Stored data
--------------------------------

lemma e1_x1A_braid_cong:
  "cong_mod R (ascal (qpar k) (eA k 1 \<odot> x1A \<odot> x1A) \<oplus> eA k 1 \<odot> x1A \<odot> eA k 1 \<odot> x1A)
              (ascal (qpar k) (x1A \<odot> x1A \<odot> eA k 1) \<oplus> x1A \<odot> eA k 1 \<odot> x1A \<odot> eA k 1)"
proof -
  have "asub (ascal (qpar k) (eA k 1 \<odot> x1A \<odot> x1A) \<oplus> eA k 1 \<odot> x1A \<odot> eA k 1 \<odot> x1A)
             (ascal (qpar k) (x1A \<odot> x1A \<odot> eA k 1) \<oplus> x1A \<odot> eA k 1 \<odot> x1A \<odot> eA k 1)
      = asub (monom [Sg 1, Xg, Sg 1, Xg]) (monom [Xg, Sg 1, Xg, Sg 1])"
    unfolding eA_x1A_lin monom_def
    by (simp only: lin_mul lin_scal lin_sub lin_append[symmetric], rule lin_eqI)
      (simp add: lin_mult_def lin_eval algebra_simps)
  then show ?thesis
    using braid unfolding cong_mod_def by simp
qed

lemma delta_Y_cong_middle:
  "cong_mod R
     (ascal (- (qpar k + inverse (qpar k)))
        (ascal (qpar k) (eA k 1 \<odot> x1A \<odot> x1A) \<oplus> eA k 1 \<odot> x1A \<odot> eA k 1 \<odot> x1A))
     (ascal (qpar k) (eA k 1 \<odot> x1A \<odot> x1A \<odot> eA k 1) \<oplus> eA k 1 \<odot> x1A \<odot> eA k 1 \<odot> x1A \<odot> eA k 1)"
  (is "cong_mod R (ascal ?\<delta> ?Y) ?M")
proof -
  let ?e = "eA k 1"
  let ?Z = "ascal (qpar k) (x1A \<odot> x1A) \<oplus> x1A \<odot> ?e \<odot> x1A"
  let ?Y' = "ascal (qpar k) (x1A \<odot> x1A \<odot> ?e) \<oplus> x1A \<odot> ?e \<odot> x1A \<odot> ?e"
  have Z: "?Z \<in> range lin"
    by (intro range_lin_add range_lin_mul range_lin_scal eA_x1A_range_lin)
  have "cong_mod R (ascal ?\<delta> ?Y) (ascal ?\<delta> ?e \<odot> ?Z)"
    by (rule eq_imp_cong_mod, rule e1_x1A_reassoc(3))
  also have "cong_mod R \<dots> ((?e \<odot> ?e) \<odot> ?Z)"
    by (rule cong_mod_mul_right[OF Z cong_mod_sym[OF e1_square_cong]])
  also have "cong_mod R \<dots> (?e \<odot> ?Y)"
    by (rule eq_imp_cong_mod, rule e1_x1A_reassoc(5)[symmetric])
  also have "cong_mod R \<dots> (?e \<odot> ?Y')"
    by (rule cong_mod_mul_left[OF eA_x1A_range_lin(1) e1_x1A_braid_cong])
  also have "cong_mod R \<dots> ?M"
    by (rule eq_imp_cong_mod, rule e1_x1A_reassoc(1))
  finally show ?thesis .
qed
definition gamma_cons :: "'a set \<Rightarrow> 'a set \<Rightarrow> 'a list set \<Rightarrow> 'a list set \<Rightarrow> nat \<Rightarrow> 'a list \<Rightarrow> 'a set" where
  "gamma_cons Sig Sig_uc LG K N s =
     {\<sigma> \<in> Sig. [\<sigma>] \<in> pre (f_cons Sig_uc LG K N s)} \<union> {\<sigma> \<in> Sig_uc. s @ [\<sigma>] \<in> LG}"

inductive_set closed_loop :: "'a list set \<Rightarrow> ('a list \<Rightarrow> 'a set) \<Rightarrow> 'a list set"
  for LG :: "'a list set" and \<gamma> :: "'a list \<Rightarrow> 'a set" where
  Nil: "[] \<in> closed_loop LG \<gamma>"
| snoc: "s \<in> closed_loop LG \<gamma> \<Longrightarrow> s @ [\<sigma>] \<in> LG \<Longrightarrow> \<sigma> \<in> \<gamma> s \<Longrightarrow> s @ [\<sigma>] \<in> closed_loop LG \<gamma>"

text \<open>N_u(L): lengths of uncontrollable substrings; N_u(L) is defined and equals n iff n is
  the maximum of this set.\<close>
definition Nu_set :: "'a set \<Rightarrow> 'a list set \<Rightarrow> nat set" where
  "Nu_set Sig_uc L = {length t | t. t \<in> lists Sig_uc \<and> (\<exists>u v. u @ t @ v \<in> L)}"

definition is_Nu :: "'a set \<Rightarrow> 'a list set \<Rightarrow> nat \<Rightarrow> bool" where
  "is_Nu Sig_uc L n \<longleftrightarrow> n \<in> Nu_set Sig_uc L \<and> (\<forall>m \<in> Nu_set Sig_uc L. m \<le> n)"

end

theory Submission
  imports Defs
begin

text \<open>
  Inclusion of the closed loop in the prefixes of K\<up>: along a closed-loop string s, the lookahead
  solution f(s), appended to s, can be added to K\<up> without losing controllability (its strings
  are shorter than the lookahead window, so truncation hides no uncontrollable continuation);
  hence every step enabled by f(s) stays inside the prefixes of K\<up>.

  Reverse inclusion: if x\<sigma> is a prefix of K\<up>, the continuations t of x within the prefixes of
  K\<up> that are uncontrollable after their first event form a controllable language. Their
  uncontrollable tails are substrings of K, so they have length at most N_u(K) + 1 \<le> N - 1,
  and they therefore lie below f(x); in particular \<sigma> is enabled at x.
\<close>

lemma preI: "s @ t \<in> M \<Longrightarrow> s \<in> pre M"
  unfolding pre_def by blast

lemma subset_pre: "M \<subseteq> pre M"
  unfolding pre_def by (auto intro: exI[of _ "[]"])

lemma pre_appendD: "s @ t \<in> pre M \<Longrightarrow> s \<in> pre M"
  unfolding pre_def by auto

lemma pre_mono: "A \<subseteq> B \<Longrightarrow> pre A \<subseteq> pre B"
  unfolding pre_def by blast

lemma pre_Un: "pre (A \<union> B) = pre A \<union> pre B"
  unfolding pre_def by blast

lemma pre_image_append:
  assumes "x \<in> pre ((@) s ` F)"
  shows "(\<exists>us \<in> pre F. x = s @ us) \<or> (\<exists>v. v \<noteq> [] \<and> x @ v = s)"
proof -
  from assms obtain r t where t: "t \<in> F" "x @ r = s @ t"
    unfolding pre_def by blast
  then obtain us where "(x = s @ us \<and> us @ r = t) \<or> (x @ us = s \<and> r = us @ t)"
    by (auto simp: append_eq_append_conv2)
  then show ?thesis
  proof
    assume "x = s @ us \<and> us @ r = t"
    then show ?thesis using t(1) preI[of us r F] by blast
  next
    assume split: "x @ us = s \<and> r = us @ t"
    show ?thesis
    proof (cases "us = []")
      case True
      then have "x = s @ []" using split by simp
      moreover have "[] \<in> pre F" using t(1) preI[of "[]" t F] by simp
      ultimately show ?thesis by blast
    next
      case False
      with split show ?thesis by blast
    qed
  qed
qed

lemma controllable_antimono:
  "controllable U M L \<Longrightarrow> L' \<subseteq> L \<Longrightarrow> controllable U M L'"
  unfolding controllable_def by blast

lemma supcon_subset: "supcon U M L \<subseteq> M"
  unfolding supcon_def by blast

lemma supcon_greatest: "M' \<subseteq> M \<Longrightarrow> controllable U M' L \<Longrightarrow> M' \<subseteq> supcon U M L"
  unfolding supcon_def by blast

lemma controllable_supcon: "controllable U (supcon U M L) L"
  unfolding controllable_def
proof (intro ballI impI)
  fix s \<sigma> assume s: "s \<in> pre (supcon U M L)" and "\<sigma> \<in> U" and "s @ [\<sigma>] \<in> L"
  from s obtain M' where M': "M' \<subseteq> M" "controllable U M' L" "s \<in> pre M'"
    unfolding supcon_def pre_def by blast
  then have "s @ [\<sigma>] \<in> pre M'"
    using \<open>\<sigma> \<in> U\<close> \<open>s @ [\<sigma>] \<in> L\<close> unfolding controllable_def by blast
  moreover have "M' \<subseteq> supcon U M L"
    using M'(1,2) by (rule supcon_greatest)
  ultimately show "s @ [\<sigma>] \<in> pre (supcon U M L)"
    using pre_mono by blast
qed

lemma controllable_trunc_imp_controllable:
  assumes "controllable U F (trunc L N)" and "\<forall>t \<in> F. length t < N"
  shows "controllable U F L"
  unfolding controllable_def
proof (intro ballI impI)
  fix s u assume s: "s \<in> pre F" and "u \<in> U" and "s @ [u] \<in> L"
  from s obtain r where "s @ r \<in> F" unfolding pre_def by blast
  with assms(2) have "s @ [u] \<in> trunc L N"
    using \<open>s @ [u] \<in> L\<close> unfolding trunc_def by fastforce
  with assms(1) s \<open>u \<in> U\<close> show "s @ [u] \<in> pre F"
    unfolding controllable_def by blast
qed

lemma controllable_Un_image_append:
  assumes C: "controllable U C L"
    and F: "controllable U F (quot L s)"
    and s: "s = [] \<or> s \<in> pre C"
  shows "controllable U (C \<union> (@) s ` F) L"
  unfolding controllable_def
proof (intro ballI impI)
  fix x u assume x: "x \<in> pre (C \<union> (@) s ` F)" and u: "u \<in> U" and xu: "x @ [u] \<in> L"
  have "x @ [u] \<in> pre C \<or> x @ [u] \<in> pre ((@) s ` F)"
  proof (cases "x \<in> pre C")
    case True
    with C u xu show ?thesis unfolding controllable_def by blast
  next
    case False
    with x have "x \<in> pre ((@) s ` F)" by (simp add: pre_Un)
    then consider us where "us \<in> pre F" "x = s @ us" | v where "v \<noteq> []" "x @ v = s"
      using pre_image_append by blast
    then show ?thesis
    proof cases
      case 1
      with F u xu have "us @ [u] \<in> pre F"
        unfolding controllable_def quot_def by simp
      then obtain r where "us @ [u] @ r \<in> F" unfolding pre_def by auto
      with \<open>x = s @ us\<close> show ?thesis unfolding pre_def by force
    next
      case 2
      with s \<open>x \<notin> pre C\<close> show ?thesis using pre_appendD by blast
    qed
  qed
  then show "x @ [u] \<in> pre (C \<union> (@) s ` F)" by (simp add: pre_Un)
qed

lemma controllable_uncontrollable_tails:
  assumes "controllable U C L"
  shows "controllable U {t. x @ t \<in> pre C \<and> drop 1 t \<in> lists U} (quot L x)"
  unfolding controllable_def
proof (intro ballI impI)
  let ?M = "{t. x @ t \<in> pre C \<and> drop 1 t \<in> lists U}"
  fix y u assume y: "y \<in> pre ?M" and u: "u \<in> U" and "y @ [u] \<in> quot L x"
  from y obtain r where r: "x @ y @ r \<in> pre C" "drop 1 (y @ r) \<in> lists U"
    unfolding pre_def by auto
  have "x @ y \<in> pre C"
    using r(1) pre_appendD[of "x @ y" r] by simp
  moreover have "(x @ y) @ [u] \<in> L"
    using \<open>y @ [u] \<in> quot L x\<close> unfolding quot_def by simp
  ultimately have "(x @ y) @ [u] \<in> pre C"
    using assms u unfolding controllable_def by blast
  moreover have "drop 1 (y @ [u]) \<in> lists U"
    using r(2) u by (cases y) simp_all
  ultimately have "y @ [u] \<in> ?M" by simp
  then show "y @ [u] \<in> pre ?M"
    using subset_pre[of ?M] by blast
qed
lemma dim_image_eq_of_trivial_kernel:
  assumes "Vector_Spaces.linear scale scale g" "local.subspace A" "local.finite_dim A"
    and "A \<inter> {x. g x = 0} \<subseteq> {0}"
  shows "local.dim (g ` A) = local.dim A"
proof -
  interpret g: Vector_Spaces.linear scale scale g by fact
  have "A \<inter> {x. g x = 0} = local.span {}"
    using assms(4) local.subspace_0[OF assms(2)] by auto
  then show ?thesis
    using rank_nullity[OF assms(1-3)] local.dim_span_eq_card_independent[OF local.independent_empty]
    by simp
qed

end

section \<open>Coordinate subspaces and the linear pieces of a slow shift\<close>

interpretation vs: vector_space "wscale :: 'a::field \<Rightarrow> (nat set \<Rightarrow> 'a) \<Rightarrow> (nat set \<Rightarrow> 'a)"
  by unfold_locales (auto simp: wscale_def fun_eq_iff algebra_simps)

definition supported_on :: "(nat set \<Rightarrow> bool) \<Rightarrow> (nat set \<Rightarrow> 'a::zero) set" where
  "supported_on Q = {m. \<forall>S. m S \<noteq> 0 \<longrightarrow> Q S}"

text \<open>For \<open>m = x + e_j \<and> y\<close>, \<open>shift_map j i m = x + e_i \<and> y\<close> and \<open>proj_containing j m = e_j \<and> y\<close>;
  the slow shift of \<open>m\<close> is the first of these unless it vanishes, and then the second.\<close>

definition shift_map :: "nat \<Rightarrow> nat \<Rightarrow> (nat set \<Rightarrow> 'a::field) \<Rightarrow> nat set \<Rightarrow> 'a" where
  "shift_map j i m = (\<lambda>S. if j \<in> S then 0 else m S +
      (if i \<in> S then wsign i (S - {i}) * wsign j (S - {i}) * m (insert j (S - {i})) else 0))"

definition proj_containing :: "nat \<Rightarrow> (nat set \<Rightarrow> 'a::zero) \<Rightarrow> nat set \<Rightarrow> 'a" where
  "proj_containing j m = (\<lambda>S. if j \<in> S then m S else 0)"

definition exchange_closed :: "nat \<Rightarrow> nat \<Rightarrow> (nat set \<Rightarrow> bool) \<Rightarrow> bool" where
  "exchange_closed j i Q \<longleftrightarrow> (\<forall>T. i \<notin> T \<longrightarrow> j \<notin> T \<longrightarrow> Q (insert j T) \<longrightarrow> Q (insert i T))"

lemma linear_shift_map:
  "Vector_Spaces.linear wscale wscale (shift_map j i :: (nat set \<Rightarrow> 'a::field) \<Rightarrow> _)"
  unfolding Vector_Spaces.linear_iff
  by (auto simp: vs.vector_space_axioms shift_map_def wscale_def fun_eq_iff algebra_simps)

lemma linear_proj_containing:
  "Vector_Spaces.linear wscale wscale (proj_containing j :: (nat set \<Rightarrow> 'a::field) \<Rightarrow> _)"
  unfolding Vector_Spaces.linear_iff
  by (auto simp: vs.vector_space_axioms proj_containing_def wscale_def fun_eq_iff)

lemma subspace_supported_on: "vs.subspace (supported_on Q)"
  unfolding vs.subspace_def supported_on_def by (auto simp: wscale_def) (metis add_0)

lemma supported_on_Int: "supported_on Q \<inter> supported_on R = supported_on (\<lambda>S. Q S \<and> R S)"
  unfolding supported_on_def by auto

lemma supported_on_True [simp]: "supported_on (\<lambda>_. True) = UNIV"
  unfolding supported_on_def by auto

lemma supported_on_mono: "(\<And>S. Q S \<Longrightarrow> R S) \<Longrightarrow> supported_on Q \<subseteq> supported_on R"
  unfolding supported_on_def by auto

lemma shift_map_avoiding: "shift_map j i m \<in> supported_on (\<lambda>S. j \<notin> S)"
  unfolding shift_map_def supported_on_def by auto

lemma shift_map_eq_self: "m \<in> supported_on (\<lambda>S. j \<notin> S) \<Longrightarrow> shift_map j i m = m"
  unfolding shift_map_def supported_on_def fun_eq_iff by auto

lemma shift_map_supported_on:
  assumes "exchange_closed j i Q" "m \<in> supported_on Q"
  shows "shift_map j i m \<in> supported_on Q"
  unfolding supported_on_def
proof (intro CollectI allI impI)
  fix S assume nz: "shift_map j i m S \<noteq> 0"
  then have "j \<notin> S" unfolding shift_map_def by auto
  show "Q S"
  proof (cases "m S = 0")
    case False
    then show ?thesis using assms(2) unfolding supported_on_def by auto
  next
    case True
    with \<open>j \<notin> S\<close> have "shift_map j i m S
        = (if i \<in> S then wsign i (S - {i}) * wsign j (S - {i}) * m (insert j (S - {i})) else 0)"
      by (simp add: shift_map_def)
    with nz have "i \<in> S" "m (insert j (S - {i})) \<noteq> 0" by (auto split: if_splits)
    then have "Q (insert j (S - {i}))" using assms(2) unfolding supported_on_def by blast
    moreover have "i \<notin> S - {i}" "j \<notin> S - {i}" using \<open>j \<notin> S\<close> by auto
    ultimately have "Q (insert i (S - {i}))" using assms(1) unfolding exchange_closed_def by blast
    then show ?thesis using \<open>i \<in> S\<close> by (simp add: insert_absorb)
  qed
qed

lemma proj_containing_supported_on:
  "m \<in> supported_on Q \<Longrightarrow> proj_containing j m \<in> supported_on (\<lambda>S. Q S \<and> j \<in> S)"
  unfolding proj_containing_def supported_on_def by auto

lemma proj_containing_eq_self: "m \<in> supported_on (\<lambda>S. j \<in> S) \<Longrightarrow> proj_containing j m = m"
  unfolding proj_containing_def supported_on_def fun_eq_iff by auto

lemma proj_containing_idem [simp]: "proj_containing j (proj_containing j m) = proj_containing j m"
  unfolding proj_containing_def by auto

lemma proj_containing_eq_0_iff: "proj_containing j m = 0 \<longleftrightarrow> m \<in> supported_on (\<lambda>S. j \<notin> S)"
  unfolding proj_containing_def supported_on_def fun_eq_iff by auto

lemma wedge_space_eq_supported_on: "wedge_space n k = supported_on (\<lambda>S. S \<subseteq> {1..n} \<and> card S = k)"
  unfolding wedge_space_def supported_on_def ..

lemma sum_apply: "(\<Sum>x\<in>A. f x) y = (\<Sum>x\<in>A. f x y)"
  by (induction A rule: infinite_finite_induct) auto

lemma finite_dim_wedge_space: "vs.finite_dim (wedge_space n k :: (nat set \<Rightarrow> 'a::field) set)"
proof -
  let ?A = "{S. S \<subseteq> {1..n} \<and> card S = k}"
  define e :: "nat set \<Rightarrow> nat set \<Rightarrow> 'a" where "e S = (\<lambda>T. if T = S then 1 else 0)" for S
  have "finite ?A" by (rule finite_subset[of _ "Pow {1..n}"]) auto
  have "m \<in> vs.span (e ` ?A)" if "m \<in> wedge_space n k" for m :: "nat set \<Rightarrow> 'a"
  proof -
    have "(\<Sum>S\<in>?A. wscale (m S) (e S)) \<in> vs.span (e ` ?A)"
      by (intro vs.span_sum vs.span_scale vs.span_base) auto
    moreover have "m = (\<Sum>S\<in>?A. wscale (m S) (e S))"
    proof
      fix T
      have "(\<Sum>S\<in>?A. wscale (m S) (e S)) T = (\<Sum>S\<in>?A. m S * (if T = S then 1 else 0))"
        unfolding sum_apply by (simp add: wscale_def e_def)
      also have "\<dots> = (if T \<in> ?A then m T else 0)"
        using \<open>finite ?A\<close> by (simp add: if_distrib cong: if_cong)
      also have "\<dots> = m T" using that unfolding wedge_space_def by auto
      finally show "m T = (\<Sum>S\<in>?A. wscale (m S) (e S)) T" by simp
    qed
    ultimately show ?thesis by simp
  qed
  then have "wedge_space n k \<subseteq> vs.span (e ` ?A)" by blast
  then show ?thesis unfolding vs.finite_dim_def using \<open>finite ?A\<close> by blast
qed

section \<open>The slow shift of a subspace\<close>

lemma slow_shift_elt_eq:
  "slow_shift_elt j i m = (if shift_map j i m \<noteq> 0 then shift_map j i m else proj_containing j m)"
  unfolding slow_shift_elt_def shift_map_def proj_containing_def Let_def zero_fun_def by simp

lemma slow_shift_eq_span:
  "slow_shift j i L = vs.span {slow_shift_elt j i m | m. m \<in> L \<and> m \<noteq> 0}"
  unfolding slow_shift_def by (simp only: zero_fun_def)

lemma subspace_slow_shift: "vs.subspace (slow_shift j i L)"
  unfolding slow_shift_eq_span by simp

lemma shift_map_mem_slow_shift: "m \<in> L \<Longrightarrow> shift_map j i m \<in> slow_shift j i L"
proof (cases "shift_map j i m = 0")
  case True
  then show ?thesis by (simp add: vs.span_zero slow_shift_eq_span)
next
  case False
  moreover assume "m \<in> L"
  moreover have "m \<noteq> 0" using False by (auto simp: shift_map_def)
  ultimately show ?thesis
    unfolding slow_shift_eq_span by (intro vs.span_base) (auto simp: slow_shift_elt_eq)
qed

lemma proj_containing_mem_slow_shift:
  "m \<in> L \<Longrightarrow> shift_map j i m = 0 \<Longrightarrow> proj_containing j m \<in> slow_shift j i L"
proof (cases "m = 0")
  case True
  then have "proj_containing j m = 0" by (simp add: proj_containing_def fun_eq_iff)
  then show ?thesis using vs.subspace_0[OF subspace_slow_shift] by simp
next
  case False
  moreover assume "m \<in> L" "shift_map j i m = 0"
  ultimately show ?thesis
    unfolding slow_shift_eq_span by (intro vs.span_base) (auto simp: slow_shift_elt_eq)
qed

lemma slow_shift_subset:
  assumes "vs.subspace X" "shift_map j i ` L \<subseteq> X"
    and "proj_containing j ` (L \<inter> {m. shift_map j i m = 0}) \<subseteq> X"
  shows "slow_shift j i L \<subseteq> X"
  unfolding slow_shift_eq_span
  using assms by (intro vs.span_minimal) (auto simp: slow_shift_elt_eq)

text \<open>\<open>proj_containing j\<close> kills the images of \<open>shift_map j i\<close> and fixes its own, so its preimage of
  the slow shift contains all generators.\<close>

lemma proj_containing_slow_shift:
  assumes "x \<in> slow_shift j i L"
  shows "proj_containing j x \<in> slow_shift j i L"
proof -
  interpret p: Vector_Spaces.linear wscale wscale "proj_containing j"
    by (rule linear_proj_containing)
  let ?X = "{x. proj_containing j x \<in> slow_shift j i L}"
  have proj_shift: "proj_containing j (shift_map j i m) = 0" for m :: "nat set \<Rightarrow> 'a"
    using proj_containing_eq_0_iff shift_map_avoiding by blast
  have "vs.subspace ?X"
    using p.subspace_vimage[OF subspace_slow_shift] by (simp add: vimage_def)
  moreover have "shift_map j i ` L \<subseteq> ?X"
    using proj_shift vs.subspace_0[OF subspace_slow_shift] by auto
  moreover have "proj_containing j ` (L \<inter> {m. shift_map j i m = 0}) \<subseteq> ?X"
    using proj_containing_mem_slow_shift by auto
  ultimately have "slow_shift j i L \<subseteq> ?X" by (rule slow_shift_subset)
  then show ?thesis using assms by blast
qed

lemma finite_dim_slow_shift:
  assumes "vs.finite_dim L"
  shows "vs.finite_dim (slow_shift j i L)"
proof -
  let ?X = "vs.span (shift_map j i ` L \<union> proj_containing j ` L)"
  have "vs.finite_dim ?X"
    using vs.finite_dim_image[OF linear_shift_map assms]
      vs.finite_dim_image[OF linear_proj_containing assms]
    by (intro vs.finite_dim_span vs.finite_dim_Un)
  moreover have "slow_shift j i L \<subseteq> ?X"
    by (rule slow_shift_subset) (auto intro: vs.span_base)
  ultimately show ?thesis using vs.finite_dim_subset by blast
qed

lemma slow_shift_wedge_space:
  assumes "L \<subseteq> wedge_space n k" "i \<in> {1..n}" "j \<in> {1..n}"
  shows "slow_shift j i L \<subseteq> wedge_space n k"
proof -
  let ?Q = "\<lambda>S. S \<subseteq> {1..n} \<and> card S = k"
  have "exchange_closed j i ?Q"
    unfolding exchange_closed_def using assms(2,3) finite_subset[of _ "{1..n}"] by auto
  then show ?thesis
    using assms(1) shift_map_supported_on proj_containing_supported_on[of _ ?Q j]
      supported_on_mono[of "\<lambda>S. ?Q S \<and> j \<in> S" ?Q]
    unfolding wedge_space_eq_supported_on
    by (intro slow_shift_subset subspace_supported_on) blast+
qed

--------------------------------

Task description: Could you copy every line from the records that has "also" in it?

Answer box:
  also have "cong_mod R \<dots> ((?e \<odot> ?e) \<odot> ?Z)"
  also have "cong_mod R \<dots> (?e \<odot> ?Y)"
  also have "cong_mod R \<dots> (?e \<odot> ?Y')"
  also have "cong_mod R \<dots> ?M"
      also have "\<dots> = (if T \<in> ?A then m T else 0)"
      also have "\<dots> = m T" using that unfolding wedge_space_def by auto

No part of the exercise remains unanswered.